▸ What to produce: Please report every line in the material below where the word "Didx" is found.

▸ Recorded information:
========

(* Let $p=[p_1,\dots,p_m]^T\in A^m$, $A=\mathbb C[t_1,\dots,t_n]$. For each $i$ let $d_{ij}$ be the degree of $p_i$ in $t_j$ and $\mathcal E_{p_i}=\{\alpha\in\mathbb N_0^n:\alpha_j\le d_{ij}+1\text{ for }1\le j\le n\}=\{\alpha_{i1},\dots,\alpha_{il_i}\}$. Let $\mathrm{Der}_p$ be the tuple $(p_1,\partial^{\alpha_{11}}\bullet p_1,\dots,\partial^{\alpha_{1l_1}}\bullet p_1,\dots,p_m,\partial^{\alpha_{m1}}\bullet p_m,\dots,\partial^{\alpha_{ml_m}}\bullet p_m)$ of length $L=\sum_i(l_i+1)$, let $\mathrm{Syz}(\mathrm{Der}_p)=\{q\in A^{1\times L}:\sum_k q_k(\mathrm{Der}_p)_k=0\}$, let $M\in\mathcal W_n^{L\times m}$ be the matrix with rows $e_1,\partial^{\alpha_{11}}e_1,\dots,\partial^{\alpha_{1l_1}}e_1,\dots,e_m,\partial^{\alpha_{m1}}e_m,\dots,\partial^{\alpha_{ml_m}}e_m$, and let $\Phi_p:\mathrm{Syz}(\mathrm{Der}_p)\to\mathcal W_n^{1\times m}$, $q\mapsto q\cdot M$. Then $\Phi_p$ takes values in $\ker(\kappa_p)$ and the left $\mathcal W_n$-submodule generated by the image of $\Phi_p$ equals $\ker(\kappa_p)$.
   Context: $\mathcal W_n$ is the $n$-th Weyl algebra $\mathbb C[t_1,\dots,t_n]\langle\partial_1,\dots,\partial_n\rangle$ with relations $\partial_it_j=t_j\partial_i+\delta_{ij}$, $t_it_j=t_jt_i$, $\partial_i\partial_j=\partial_j\partial_i$; it acts on $A=\mathbb C[t_1,\dots,t_n]$ by $\partial_i\bullet p=\partial p/\partial t_i$ and multiplication by $t_i$. Multi-index notation $\partial^\alpha=\partial_1^{\alpha_1}\cdots\partial_n^{\alpha_n}$. $e_i$ are the canonical basis vectors of $\mathcal W_n^{1\times m}$. For $p\in A^m$, $\ker(\kappa_p)=\{a\in\mathcal W_n^{1\times m}:\sum_ia_i\bullet p_i=0\}$. *)

theory Defs
  imports Complex_Main "HOL-Library.Poly_Mapping"
begin

text \<open>Polynomials in the variables t_0, t_1, ... over the complex numbers:
  a monomial is an exponent vector (nat \<Rightarrow>_0 nat), a polynomial maps monomials to
  coefficients.  The ring A = C[t_1..t_n] is the set of polynomials in variables with
  index < n (variable t_{j+1} of the paper is index j here).\<close>

type_synonym mpoly = "(nat \<Rightarrow>\<^sub>0 nat) \<Rightarrow>\<^sub>0 complex"

definition polyA :: "nat \<Rightarrow> mpoly set" where
  "polyA n = {p. \<forall>m \<in> Poly_Mapping.keys p. Poly_Mapping.keys m \<subseteq> {..<n}}"

definition var :: "nat \<Rightarrow> mpoly" where
  "var i = Poly_Mapping.single (Poly_Mapping.single i 1) 1"

definition cpoly :: "complex \<Rightarrow> mpoly" where
  "cpoly c = Poly_Mapping.single 0 c"

definition pderiv_var :: "nat \<Rightarrow> mpoly \<Rightarrow> mpoly" where
  "pderiv_var i p = Abs_poly_mapping
     (\<lambda>m::nat \<Rightarrow>\<^sub>0 nat. of_nat (Poly_Mapping.lookup m i + 1) * Poly_Mapping.lookup p (m + Poly_Mapping.single i 1))"

definition pderivs :: "nat \<Rightarrow> (nat \<Rightarrow>\<^sub>0 nat) \<Rightarrow> mpoly \<Rightarrow> mpoly" where
  "pderivs n \<alpha> = foldr (\<lambda>j f. (pderiv_var j ^^ Poly_Mapping.lookup \<alpha> j) \<circ> f) [0..<n] id"

text \<open>The Weyl algebra W_n, realised as the algebra of C-linear operators on polynomials
  generated by the multiplications by constants and by t_i and the derivations \<partial>_i
  (the ring of differential operators with polynomial coefficients); multiplication in
  W_n is composition and the action \<bullet> is application.\<close>
inductive_set weyl :: "nat \<Rightarrow> (mpoly \<Rightarrow> mpoly) set" for n where
  const: "(\<lambda>p. cpoly c * p) \<in> weyl n"
| mult_var: "i < n \<Longrightarrow> (\<lambda>p. var i * p) \<in> weyl n"
| deriv: "i < n \<Longrightarrow> pderiv_var i \<in> weyl n"
| add: "f \<in> weyl n \<Longrightarrow> g \<in> weyl n \<Longrightarrow> (\<lambda>p. f p + g p) \<in> weyl n"
| comp: "f \<in> weyl n \<Longrightarrow> g \<in> weyl n \<Longrightarrow> f \<circ> g \<in> weyl n"

text \<open>Row vectors W_n^{1\<times>m}: entries indexed by j < m, zero operator elsewhere.\<close>
definition weyl_rows :: "nat \<Rightarrow> nat \<Rightarrow> (nat \<Rightarrow> mpoly \<Rightarrow> mpoly) set" where
  "weyl_rows n m = {a. (\<forall>j<m. a j \<in> weyl n) \<and> (\<forall>j\<ge>m. a j = (\<lambda>_. 0))}"

definition ker_kappa :: "nat \<Rightarrow> nat \<Rightarrow> (nat \<Rightarrow> mpoly) \<Rightarrow> (nat \<Rightarrow> mpoly \<Rightarrow> mpoly) set" where
  "ker_kappa n m p = {a \<in> weyl_rows n m. (\<Sum>i<m. a i (p i)) = 0}"

definition left_submod_gen :: "nat \<Rightarrow> (nat \<Rightarrow> mpoly \<Rightarrow> mpoly) set \<Rightarrow> (nat \<Rightarrow> mpoly \<Rightarrow> mpoly) set" where
  "left_submod_gen n S = {a. \<exists>F c. finite F \<and> F \<subseteq> S \<and> (\<forall>s\<in>F. c s \<in> weyl n) \<and>
       a = (\<lambda>j x. \<Sum>s\<in>F. c s (s j x))}"

text \<open>Degree of p in variable j (taken to be 0 for p = 0).\<close>
definition deg_in :: "mpoly \<Rightarrow> nat \<Rightarrow> nat" where
  "deg_in p j = Max (insert 0 ((\<lambda>m. Poly_Mapping.lookup m j) ` Poly_Mapping.keys p))"

definition Eset :: "nat \<Rightarrow> mpoly \<Rightarrow> (nat \<Rightarrow>\<^sub>0 nat) set" where
  "Eset n q = {\<alpha>. Poly_Mapping.keys \<alpha> \<subseteq> {..<n} \<and> (\<forall>j<n. Poly_Mapping.lookup \<alpha> j \<le> deg_in q j + 1)}"

text \<open>Index set of the tuple Der_p: (i, None) stands for the entry p_i, and (i, Some \<alpha>)
  for the entry \<partial>^\<alpha> \<bullet> p_i, \<alpha> \<in> E_{p_i}.\<close>
definition Didx :: "nat \<Rightarrow> nat \<Rightarrow> (nat \<Rightarrow> mpoly) \<Rightarrow> (nat \<times> (nat \<Rightarrow>\<^sub>0 nat) option) set" where
  "Didx n m p = {(i, None) | i. i < m} \<union> {(i, Some \<alpha>) | i \<alpha>. i < m \<and> \<alpha> \<in> Eset n (p i)}"

text \<open>The operator in row k of M in column i (its only possibly nonzero column).\<close>
definition Mop :: "nat \<Rightarrow> (nat \<times> (nat \<Rightarrow>\<^sub>0 nat) option) \<Rightarrow> mpoly \<Rightarrow> mpoly" where
  "Mop n k = (case snd k of None \<Rightarrow> id | Some \<alpha> \<Rightarrow> pderivs n \<alpha>)"

definition Mmat :: "nat \<Rightarrow> (nat \<times> (nat \<Rightarrow>\<^sub>0 nat) option) \<Rightarrow> nat \<Rightarrow> mpoly \<Rightarrow> mpoly" where
  "Mmat n k j = (if fst k = j then Mop n k else (\<lambda>_. 0))"

definition Der :: "nat \<Rightarrow> (nat \<Rightarrow> mpoly) \<Rightarrow> (nat \<times> (nat \<Rightarrow>\<^sub>0 nat) option) \<Rightarrow> mpoly" where
  "Der n p k = Mop n k (p (fst k))"

definition Syz :: "nat \<Rightarrow> nat \<Rightarrow> (nat \<Rightarrow> mpoly) \<Rightarrow> ((nat \<times> (nat \<Rightarrow>\<^sub>0 nat) option) \<Rightarrow> mpoly) set" where
  "Syz n m p = {q. (\<forall>k \<in> Didx n m p. q k \<in> polyA n) \<and> (\<forall>k. k \<notin> Didx n m p \<longrightarrow> q k = 0) \<and>
      (\<Sum>k\<in>Didx n m p. q k * Der n p k) = 0}"

text \<open>\<Phi>_p(q) = q \<cdot> M, where q_k \<in> A is viewed in W_n as multiplication by q_k.\<close>
definition Phi :: "nat \<Rightarrow> nat \<Rightarrow> (nat \<Rightarrow> mpoly) \<Rightarrow> ((nat \<times> (nat \<Rightarrow>\<^sub>0 nat) option) \<Rightarrow> mpoly)
    \<Rightarrow> nat \<Rightarrow> mpoly \<Rightarrow> mpoly" where
  "Phi n m p q = (\<lambda>j x. \<Sum>k\<in>Didx n m p. q k * Mmat n k j x)"

end

theory Submission
  imports Defs "HOL-Library.FuncSet"
begin

(*
  Every element of the Weyl algebra W_n, viewed as an operator on A, can be
  written as a finite sum of operators c * \<partial>^\<beta> with c \<in> A (the normal form).  Hence every
  row a = \<Sum>_i a_i e_i \<in> ker(\<kappa>_p) is a sum of rows c \<partial>^\<beta> e_i, and each such row is handled
  separately:
  - if \<beta>_j \<le> deg_{t_j} p_i for all j, then \<beta> \<in> E_{p_i} and c \<partial>^\<beta> e_i = \<Phi>_p(c e_k) for
    the index k = (i, \<beta>) of Der_p, where c e_k is a (not necessarily syzygy) coefficient tuple;
  - otherwise \<beta>_j > deg_{t_j} p_i for some j; with \<gamma> = (deg_{t_j} p_i + 1) e_j \<in> E_{p_i} the
    unit tuple e_{(i,\<gamma>)} is a syzygy (since \<partial>^\<gamma> kills p_i), and c \<partial>^\<beta> e_i is the left
    multiple (c \<partial>^{\<beta>-\<gamma>}) \<Phi>_p(e_{(i,\<gamma>)}) of a generator.
  Summing up, a = \<Phi>_p(q) + r with r in the generated submodule and \<Sum>_k q_k Der_k = \<kappa>_p(a) = 0,
  so q is a syzygy.  The converse inclusion holds because \<Phi>_p(q) \<bullet> p = \<Sum>_k q_k Der_k.
  The argument does not use the hypothesis p_i \<in> A of the theorem.
*)

abbreviation lk :: "('a \<Rightarrow>\<^sub>0 'b::zero) \<Rightarrow> 'a \<Rightarrow> 'b" where "lk \<equiv> Poly_Mapping.lookup"
abbreviation ks :: "('a \<Rightarrow>\<^sub>0 'b::zero) \<Rightarrow> 'a set" where "ks \<equiv> Poly_Mapping.keys"
abbreviation sg :: "'a \<Rightarrow> 'b::zero \<Rightarrow> ('a \<Rightarrow>\<^sub>0 'b)" where "sg \<equiv> Poly_Mapping.single"

section \<open>Partial derivatives\<close>

lemma lookup_pderiv_var:
  "lk (pderiv_var i p) m = of_nat (lk m i + 1) * lk p (m + sg i 1)"
proof -
  let ?f = "\<lambda>m. (of_nat (lk m i + 1) :: complex) * lk p (m + sg i 1)"
  have "{m. ?f m \<noteq> 0} \<subseteq> (\<lambda>k. k - sg i 1) ` ks p"
  proof
    fix m assume "m \<in> {m. ?f m \<noteq> 0}"
    then have "m + sg i 1 \<in> ks p" by (simp add: in_keys_iff)
    moreover have "m = (m + sg i 1) - sg i 1" by simp
    ultimately show "m \<in> (\<lambda>k. k - sg i 1) ` ks p" by blast
  qed
  then have "finite {m. ?f m \<noteq> 0}" by (rule finite_subset) simp
  then show ?thesis unfolding pderiv_var_def by (simp add: lookup_Abs_poly_mapping)
qed

lemma pderiv_var_add: "pderiv_var i (p + q) = pderiv_var i p + pderiv_var i q"
  by (rule poly_mapping_eqI) (simp add: lookup_pderiv_var lookup_add algebra_simps)

lemma pderiv_var_sum: "finite A \<Longrightarrow> pderiv_var i (\<Sum>a\<in>A. f a) = (\<Sum>a\<in>A. pderiv_var i (f a))"
proof (induction A rule: finite_induct)
  case empty
  show ?case by (rule poly_mapping_eqI) (simp add: lookup_pderiv_var)
qed (simp add: pderiv_var_add)

lemma pderiv_var_comm: "pderiv_var i (pderiv_var j p) = pderiv_var j (pderiv_var i p)"
proof (rule poly_mapping_eqI)
  fix m
  show "lk (pderiv_var i (pderiv_var j p)) m = lk (pderiv_var j (pderiv_var i p)) m"
  proof (cases "i = j")
    case False
    have "m + sg i 1 + sg j 1 = m + sg j 1 + sg i 1" by (simp add: add_ac)
    moreover have "lk (m + sg i 1) j = lk m j" "lk (m + sg j 1) i = lk m i"
      using False by (simp_all add: lookup_add lookup_single)
    ultimately show ?thesis by (simp add: lookup_pderiv_var)
  qed simp
qed
lemma prob_monotone_crossing_ge:
  fixes q q' :: "real^'d"
  assumes "q \<in> unit_cube" "q' \<in> unit_cube" "\<And>i. s * (real K + 1) < q'$i - q$i" "s \<ge> 0"
    "K > 0" "real CARD('d) * (1 / real K + s) \<le> r" "real CARD('d) * s \<le> r / 2"
  shows "1 - (real K + 1) * (1 - s ^ CARD('d)) ^ n
     \<le> measure (sample n :: (nat \<Rightarrow> real^'d) measure)
          {\<omega> \<in> space (sample n). monotone_crossing (\<omega> ` {..<n}) r q q'}"
proof -
  let ?P = "sample n :: (nat \<Rightarrow> real^'d) measure"
  interpret P: prob_space ?P by (rule prob_space_sample)
  define Empty where "Empty j = {\<omega> \<in> space ?P. \<forall>i<n. \<omega> i \<notin> diagonal_box q q' s K j}" for j
  have box_sets [measurable]: "diagonal_box q q' s K j \<in> sets borel" for j
    by (simp add: diagonal_box_def Let_def)
  have Empty_sets: "Empty j \<in> sets ?P" for j unfolding Empty_def by measurable
  have side: "q$i + s \<le> q'$i" for i
    using assms(3)[of i] assms(4) by (smt (verit) mult_le_cancel_left1 of_nat_0_le_iff)
  have "measure ?P (Empty j) = (1 - s ^ CARD('d)) ^ n" if "j \<le> K" for j
    unfolding Empty_def
    using prob_sample_avoids[OF diagonal_box_subset_unit_cube[OF assms(1,2) side assms(4) that]]
    by (simp add: measure_diagonal_box[OF assms(4)])
  then have "(real K + 1) * (1 - s ^ CARD('d)) ^ n = (\<Sum>j\<le>K. measure ?P (Empty j))" by simp
  also have "\<dots> \<ge> measure ?P (\<Union>j\<le>K. Empty j)"
    using Empty_sets by (intro P.finite_measure_subadditive_finite) auto
  finally have "1 - (real K + 1) * (1 - s ^ CARD('d)) ^ n \<le> measure ?P (space ?P - (\<Union>j\<le>K. Empty j))"
    using Empty_sets by (subst P.prob_compl) auto
  also have "\<dots> \<le> measure ?P {\<omega> \<in> space ?P. monotone_crossing (\<omega> ` {..<n}) r q q'}"
  proof (intro P.finite_measure_mono subsetI)
    fix \<omega> assume "\<omega> \<in> space ?P - (\<Union>j\<le>K. Empty j)"
    then show "\<omega> \<in> {\<omega> \<in> space ?P. monotone_crossing (\<omega> ` {..<n}) r q q'}"
      unfolding Empty_def
      by (auto intro!: monotone_crossing_if_diagonal_boxes_occupied[OF assms])
  qed measurable
  finally show ?thesis .
qed
lemma obtain_support_interval:
  fixes d :: "nat \<Rightarrow> 'a::zero"
  assumes "l0 < m" and "d l0 \<noteq> 0"
  obtains a b where "a \<le> b" and "b < m" and "d a \<noteq> 0" and "d b \<noteq> 0"
    and "\<And>l. l < m \<Longrightarrow> l < a \<or> b < l \<Longrightarrow> d l = 0"
proof -
  define L where "L = {l. l < m \<and> d l \<noteq> 0}"
  have L: "finite L" "L \<noteq> {}"
    using assms unfolding L_def by auto
  then have "Min L \<in> L" "Max L \<in> L" "Min L \<le> Max L"
    by auto
  then show ?thesis
  proof (intro that[of "Min L" "Max L"])
    fix l assume "l < m" and "l < Min L \<or> Max L < l"
    with L(1) show "d l = 0"
      unfolding L_def by (metis (mono_tags) Max_ge Min_le mem_Collect_eq not_le)
  qed (auto simp: L_def)
qed

lemma I_mat_digit:
  fixes d :: "nat \<Rightarrow> 'a::semiring_1"
  assumes "a < m"
  shows "(\<Sum>l<m. I_mat m (a + 1) l * d l) = d a"
proof -
  have "(\<Sum>l<m. I_mat m (a + 1) l * d l) = (\<Sum>l<m. if l = a then d l else 0)"
    by (intro sum.cong) (auto simp: I_mat_def)
  with assms show ?thesis
    by simp
qed

lemma J_mat_digit:
  fixes d :: "nat \<Rightarrow> 'a::semiring_1"
  assumes "b < m"
  shows "(\<Sum>l<m. J_mat m (m - b) l * d l) = d b"
proof -
  have "(\<Sum>l<m. J_mat m (m - b) l * d l) = (\<Sum>l<m. if l = b then d l else 0)"
    using assms by (intro sum.cong) (auto simp: J_mat_def)
  with assms show ?thesis
    by simp
qed
lemma mod3_weight_sum_depol:
  assumes m: "1 \<le> m" and c: "c \<le> 2" and s: "s \<le> 2" and p: "0 \<le> p"
  shows "mod3_weight_sum {1..m} (\<lambda>x. depol p x c) s = ((3 * p + 1) / 4) ^ m / 3 *
    (if c = 0 then if s = 0 then 1 + 2 * carrier_bias m p else 1 - carrier_bias m p
     else carrier_flip m p)"
proof -
  define A where "A = ((3 * p + 1) / 4) ^ m"
  have s0: "s mod 3 = 0 \<longleftrightarrow> s = 0" using s by auto
  have total: "(p + 2 * ((1 - p) / 8)) ^ m = A"
    unfolding A_def by (intro arg_cong[where f = "\<lambda>x. x ^ m"]) (simp add: field_simps)
  have bias: "(p - (1 - p) / 8) ^ m = A * carrier_bias m p"
    unfolding A_def carrier_bias_def power_mult_distrib[symmetric]
    using p by (intro arg_cong[where f = "\<lambda>x. x ^ m"]) (simp add: field_simps)
  have flip: "((1 - p) / 8 + 2 * ((1 - p) / 8)) ^ m = A * carrier_flip m p"
    unfolding A_def carrier_flip_def power_mult_distrib[symmetric]
    using p by (intro arg_cong[where f = "\<lambda>x. x ^ m"]) (simp add: field_simps)
  have "mod3_weight_sum {1..m} (\<lambda>x. depol p x c) s =
      (if s = 0 then ((depol p 0 c + 2 * depol p 1 c) ^ m + 2 * (depol p 0 c - depol p 1 c) ^ m) / 3
       else ((depol p 0 c + 2 * depol p 1 c) ^ m - (depol p 0 c - depol p 1 c) ^ m) / 3)"
    by (simp add: mod3_weight_sum_eq depol_def s0)
  also have "\<dots> = A / 3 *
    (if c = 0 then if s = 0 then 1 + 2 * carrier_bias m p else 1 - carrier_bias m p
     else carrier_flip m p)"
  proof (cases "c = 0")
    case True
    then have "depol p 0 c = p" "depol p 1 c = (1 - p) / 8" by (simp_all add: depol_def)
    then show ?thesis using True by (simp only: total bias) (simp add: field_simps)
  next
    case False
    then have "depol p 0 c = (1 - p) / 8" "depol p 1 c = (1 - p) / 8" by (simp_all add: depol_def)
    then show ?thesis using False m by (simp only: flip diff_self power_0_left) (simp add: field_simps)
  qed
  finally show ?thesis unfolding A_def .
qed

type_synonym sym_state = "real \<times> real \<times> real \<times> real \<times> real"

definition sym_dist :: "sym_state \<Rightarrow> bell_dist" where
  "sym_dist = (\<lambda>(F, G, H, K, L) s t.
     if s = 0 then (if t = 0 then F else G) else if s = 1 then H else if t = 0 then K else L)"

fun sym_mass :: "sym_state \<Rightarrow> real" where
  "sym_mass (F, G, H, K, L) = F + 2 * G + 3 * H + K + 2 * L"

(* Unnormalised action of one round on the family, with delta = carrier_bias, eps = carrier_flip. *)
fun sym_round :: "real \<Rightarrow> real \<Rightarrow> sym_state \<Rightarrow> sym_state" where
  "sym_round \<delta> \<epsilon> (F, G, H, K, L) =
     ((1 + 2 * \<delta>) * F + 2 * \<epsilon> * L, (1 + 2 * \<delta>) * L + \<epsilon> * (F + L), (1 - \<delta> + 2 * \<epsilon>) * H,
      (1 - \<delta>) * K + 2 * \<epsilon> * G, (1 - \<delta> + \<epsilon>) * G + \<epsilon> * K)"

========

▸ Response area:
definition Didx :: "nat \<Rightarrow> nat \<Rightarrow> (nat \<Rightarrow> mpoly) \<Rightarrow> (nat \<times> (nat \<Rightarrow>\<^sub>0 nat) option) set" where
  "Didx n m p = {(i, None) | i. i < m} \<union> {(i, Some \<alpha>) | i \<alpha>. i < m \<and> \<alpha> \<in> Eset n (p i)}"
  "Syz n m p = {q. (\<forall>k \<in> Didx n m p. q k \<in> polyA n) \<and> (\<forall>k. k \<notin> Didx n m p \<longrightarrow> q k = 0) \<and>
      (\<Sum>k\<in>Didx n m p. q k * Der n p k) = 0}"
  "Phi n m p q = (\<lambda>j x. \<Sum>k\<in>Didx n m p. q k * Mmat n k j x)"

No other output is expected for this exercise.